MATERIAL TO PROCESS:
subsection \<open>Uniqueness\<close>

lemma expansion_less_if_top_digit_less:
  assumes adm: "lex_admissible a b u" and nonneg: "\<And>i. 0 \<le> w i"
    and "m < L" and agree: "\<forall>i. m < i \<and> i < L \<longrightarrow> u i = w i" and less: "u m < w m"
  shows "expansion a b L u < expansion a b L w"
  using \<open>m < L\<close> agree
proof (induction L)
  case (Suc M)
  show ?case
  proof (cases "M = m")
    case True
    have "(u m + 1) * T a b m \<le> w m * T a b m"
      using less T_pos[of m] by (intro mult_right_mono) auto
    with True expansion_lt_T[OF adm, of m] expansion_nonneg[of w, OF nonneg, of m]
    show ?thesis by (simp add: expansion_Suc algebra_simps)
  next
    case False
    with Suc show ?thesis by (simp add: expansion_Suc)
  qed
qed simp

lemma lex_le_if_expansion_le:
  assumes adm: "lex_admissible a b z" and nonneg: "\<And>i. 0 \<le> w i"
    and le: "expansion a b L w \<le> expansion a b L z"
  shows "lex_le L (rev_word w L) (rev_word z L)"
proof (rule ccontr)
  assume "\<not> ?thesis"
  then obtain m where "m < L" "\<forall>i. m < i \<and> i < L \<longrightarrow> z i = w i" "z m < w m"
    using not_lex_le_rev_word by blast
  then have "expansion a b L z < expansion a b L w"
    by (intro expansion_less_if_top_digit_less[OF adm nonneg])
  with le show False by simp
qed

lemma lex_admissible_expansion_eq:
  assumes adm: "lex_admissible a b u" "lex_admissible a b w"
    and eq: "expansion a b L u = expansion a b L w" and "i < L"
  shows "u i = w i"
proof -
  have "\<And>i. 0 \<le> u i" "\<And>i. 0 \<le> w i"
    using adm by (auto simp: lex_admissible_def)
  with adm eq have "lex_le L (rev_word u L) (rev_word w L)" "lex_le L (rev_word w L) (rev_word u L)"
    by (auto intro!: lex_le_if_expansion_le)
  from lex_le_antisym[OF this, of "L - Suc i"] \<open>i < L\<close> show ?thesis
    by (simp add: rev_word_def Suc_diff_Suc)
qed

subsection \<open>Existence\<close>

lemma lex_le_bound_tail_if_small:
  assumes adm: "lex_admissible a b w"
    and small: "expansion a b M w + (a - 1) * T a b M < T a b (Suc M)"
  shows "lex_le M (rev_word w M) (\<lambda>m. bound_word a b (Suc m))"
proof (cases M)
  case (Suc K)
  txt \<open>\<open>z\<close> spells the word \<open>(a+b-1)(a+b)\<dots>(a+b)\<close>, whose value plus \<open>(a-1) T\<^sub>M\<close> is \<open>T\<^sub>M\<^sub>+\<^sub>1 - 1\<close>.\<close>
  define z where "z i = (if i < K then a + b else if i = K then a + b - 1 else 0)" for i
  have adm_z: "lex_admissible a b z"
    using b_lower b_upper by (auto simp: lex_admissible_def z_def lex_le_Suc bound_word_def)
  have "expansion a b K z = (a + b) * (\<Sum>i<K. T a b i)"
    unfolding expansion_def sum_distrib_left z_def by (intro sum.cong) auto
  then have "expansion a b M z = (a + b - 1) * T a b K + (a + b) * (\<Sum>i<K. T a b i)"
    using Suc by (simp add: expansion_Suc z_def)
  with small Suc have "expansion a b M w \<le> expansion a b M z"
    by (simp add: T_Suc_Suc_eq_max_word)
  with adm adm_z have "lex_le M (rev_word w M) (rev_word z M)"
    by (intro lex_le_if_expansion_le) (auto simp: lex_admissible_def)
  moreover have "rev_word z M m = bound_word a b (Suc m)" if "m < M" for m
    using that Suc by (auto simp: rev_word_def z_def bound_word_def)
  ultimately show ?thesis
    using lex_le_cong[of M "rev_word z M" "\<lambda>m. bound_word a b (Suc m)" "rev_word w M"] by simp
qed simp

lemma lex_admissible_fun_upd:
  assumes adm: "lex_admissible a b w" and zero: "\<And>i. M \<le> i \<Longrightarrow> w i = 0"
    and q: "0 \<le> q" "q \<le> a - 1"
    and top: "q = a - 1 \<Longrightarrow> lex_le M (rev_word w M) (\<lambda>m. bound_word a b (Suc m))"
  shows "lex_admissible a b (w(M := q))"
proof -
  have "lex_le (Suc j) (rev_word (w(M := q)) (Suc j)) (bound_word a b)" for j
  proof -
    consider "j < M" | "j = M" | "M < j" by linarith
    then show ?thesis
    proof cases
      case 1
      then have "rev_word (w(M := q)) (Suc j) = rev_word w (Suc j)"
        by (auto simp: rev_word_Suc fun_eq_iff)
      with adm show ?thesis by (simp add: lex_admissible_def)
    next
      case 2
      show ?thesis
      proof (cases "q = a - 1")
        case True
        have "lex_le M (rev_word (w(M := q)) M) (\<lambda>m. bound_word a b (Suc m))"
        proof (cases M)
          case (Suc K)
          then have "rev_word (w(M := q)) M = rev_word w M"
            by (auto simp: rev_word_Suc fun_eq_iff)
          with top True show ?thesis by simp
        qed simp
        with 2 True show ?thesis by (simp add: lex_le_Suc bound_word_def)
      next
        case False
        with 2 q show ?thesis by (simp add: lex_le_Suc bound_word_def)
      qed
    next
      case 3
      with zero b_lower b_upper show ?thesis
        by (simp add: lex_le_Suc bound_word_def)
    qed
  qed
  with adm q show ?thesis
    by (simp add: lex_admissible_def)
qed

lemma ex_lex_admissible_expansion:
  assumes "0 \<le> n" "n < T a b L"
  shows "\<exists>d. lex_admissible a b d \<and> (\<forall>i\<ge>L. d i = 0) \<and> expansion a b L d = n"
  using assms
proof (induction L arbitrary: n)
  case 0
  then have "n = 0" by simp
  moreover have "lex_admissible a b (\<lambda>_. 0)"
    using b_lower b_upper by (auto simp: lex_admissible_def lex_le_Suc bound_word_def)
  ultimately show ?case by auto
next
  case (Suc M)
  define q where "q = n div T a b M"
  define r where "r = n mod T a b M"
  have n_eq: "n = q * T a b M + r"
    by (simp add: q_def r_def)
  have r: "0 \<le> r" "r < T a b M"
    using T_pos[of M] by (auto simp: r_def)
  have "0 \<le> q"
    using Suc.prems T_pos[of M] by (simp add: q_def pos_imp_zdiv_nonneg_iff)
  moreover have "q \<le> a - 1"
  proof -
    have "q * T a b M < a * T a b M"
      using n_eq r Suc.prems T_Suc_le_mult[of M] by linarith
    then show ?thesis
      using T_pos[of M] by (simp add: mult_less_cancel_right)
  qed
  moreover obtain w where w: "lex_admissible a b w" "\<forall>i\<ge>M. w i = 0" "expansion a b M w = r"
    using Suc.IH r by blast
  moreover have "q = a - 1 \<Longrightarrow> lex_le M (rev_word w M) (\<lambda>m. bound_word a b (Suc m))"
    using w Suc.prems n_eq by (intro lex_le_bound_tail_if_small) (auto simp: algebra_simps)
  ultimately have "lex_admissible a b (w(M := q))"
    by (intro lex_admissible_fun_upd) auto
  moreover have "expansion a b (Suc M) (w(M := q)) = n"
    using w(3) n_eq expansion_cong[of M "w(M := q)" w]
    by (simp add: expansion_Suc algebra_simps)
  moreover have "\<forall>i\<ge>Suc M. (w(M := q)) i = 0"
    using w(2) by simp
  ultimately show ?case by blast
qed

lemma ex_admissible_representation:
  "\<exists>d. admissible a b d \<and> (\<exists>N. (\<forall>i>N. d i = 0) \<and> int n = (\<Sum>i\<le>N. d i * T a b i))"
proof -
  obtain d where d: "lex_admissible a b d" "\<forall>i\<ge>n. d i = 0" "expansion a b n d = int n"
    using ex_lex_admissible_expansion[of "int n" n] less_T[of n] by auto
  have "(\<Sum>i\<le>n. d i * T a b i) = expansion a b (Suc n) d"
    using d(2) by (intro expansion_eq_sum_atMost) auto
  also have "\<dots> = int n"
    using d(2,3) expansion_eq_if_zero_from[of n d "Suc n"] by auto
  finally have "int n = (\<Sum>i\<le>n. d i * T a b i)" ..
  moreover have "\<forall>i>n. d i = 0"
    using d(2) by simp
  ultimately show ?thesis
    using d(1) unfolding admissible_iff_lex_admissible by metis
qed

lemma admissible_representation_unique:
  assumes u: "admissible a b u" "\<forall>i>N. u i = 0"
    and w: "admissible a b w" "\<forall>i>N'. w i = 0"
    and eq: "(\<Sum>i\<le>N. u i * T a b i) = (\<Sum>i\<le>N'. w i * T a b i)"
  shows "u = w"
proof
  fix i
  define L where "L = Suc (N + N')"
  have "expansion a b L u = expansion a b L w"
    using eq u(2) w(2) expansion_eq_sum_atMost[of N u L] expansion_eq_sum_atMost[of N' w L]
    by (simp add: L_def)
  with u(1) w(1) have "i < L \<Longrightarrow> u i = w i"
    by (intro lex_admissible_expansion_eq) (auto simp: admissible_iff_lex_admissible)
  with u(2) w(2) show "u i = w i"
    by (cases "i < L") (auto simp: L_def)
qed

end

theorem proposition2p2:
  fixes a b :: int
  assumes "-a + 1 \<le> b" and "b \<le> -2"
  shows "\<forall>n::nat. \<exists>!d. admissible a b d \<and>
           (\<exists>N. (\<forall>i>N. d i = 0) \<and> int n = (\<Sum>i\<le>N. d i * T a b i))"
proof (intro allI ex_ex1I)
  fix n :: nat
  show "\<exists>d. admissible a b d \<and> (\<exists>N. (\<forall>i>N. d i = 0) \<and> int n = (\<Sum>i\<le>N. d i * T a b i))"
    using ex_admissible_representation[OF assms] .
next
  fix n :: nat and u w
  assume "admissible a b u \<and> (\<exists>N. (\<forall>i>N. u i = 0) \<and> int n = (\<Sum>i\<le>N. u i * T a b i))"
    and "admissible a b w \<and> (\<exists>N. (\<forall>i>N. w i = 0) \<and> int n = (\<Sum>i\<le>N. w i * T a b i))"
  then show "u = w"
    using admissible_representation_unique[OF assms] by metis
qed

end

YOUR TASK: Restate word for word the lines in the material above from the one with "by (auto intro!: lex_le_if_expansion_le)" to the one with "using b_lower b_upper by (auto simp: lex_admissible_def z_def"; both of those lines count, and nothing else does.

ANSWER TO THE PROBLEM:
    by (auto intro!: lex_le_if_expansion_le)
  from lex_le_antisym[OF this, of "L - Suc i"] \<open>i < L\<close> show ?thesis
    by (simp add: rev_word_def Suc_diff_Suc)
qed

subsection \<open>Existence\<close>

lemma lex_le_bound_tail_if_small:
  assumes adm: "lex_admissible a b w"
    and small: "expansion a b M w + (a - 1) * T a b M < T a b (Suc M)"
  shows "lex_le M (rev_word w M) (\<lambda>m. bound_word a b (Suc m))"
proof (cases M)
  case (Suc K)
  txt \<open>\<open>z\<close> spells the word \<open>(a+b-1)(a+b)\<dots>(a+b)\<close>, whose value plus \<open>(a-1) T\<^sub>M\<close> is \<open>T\<^sub>M\<^sub>+\<^sub>1 - 1\<close>.\<close>
  define z where "z i = (if i < K then a + b else if i = K then a + b - 1 else 0)" for i
  have adm_z: "lex_admissible a b z"
    using b_lower b_upper by (auto simp: lex_admissible_def z_def lex_le_Suc bound_word_def)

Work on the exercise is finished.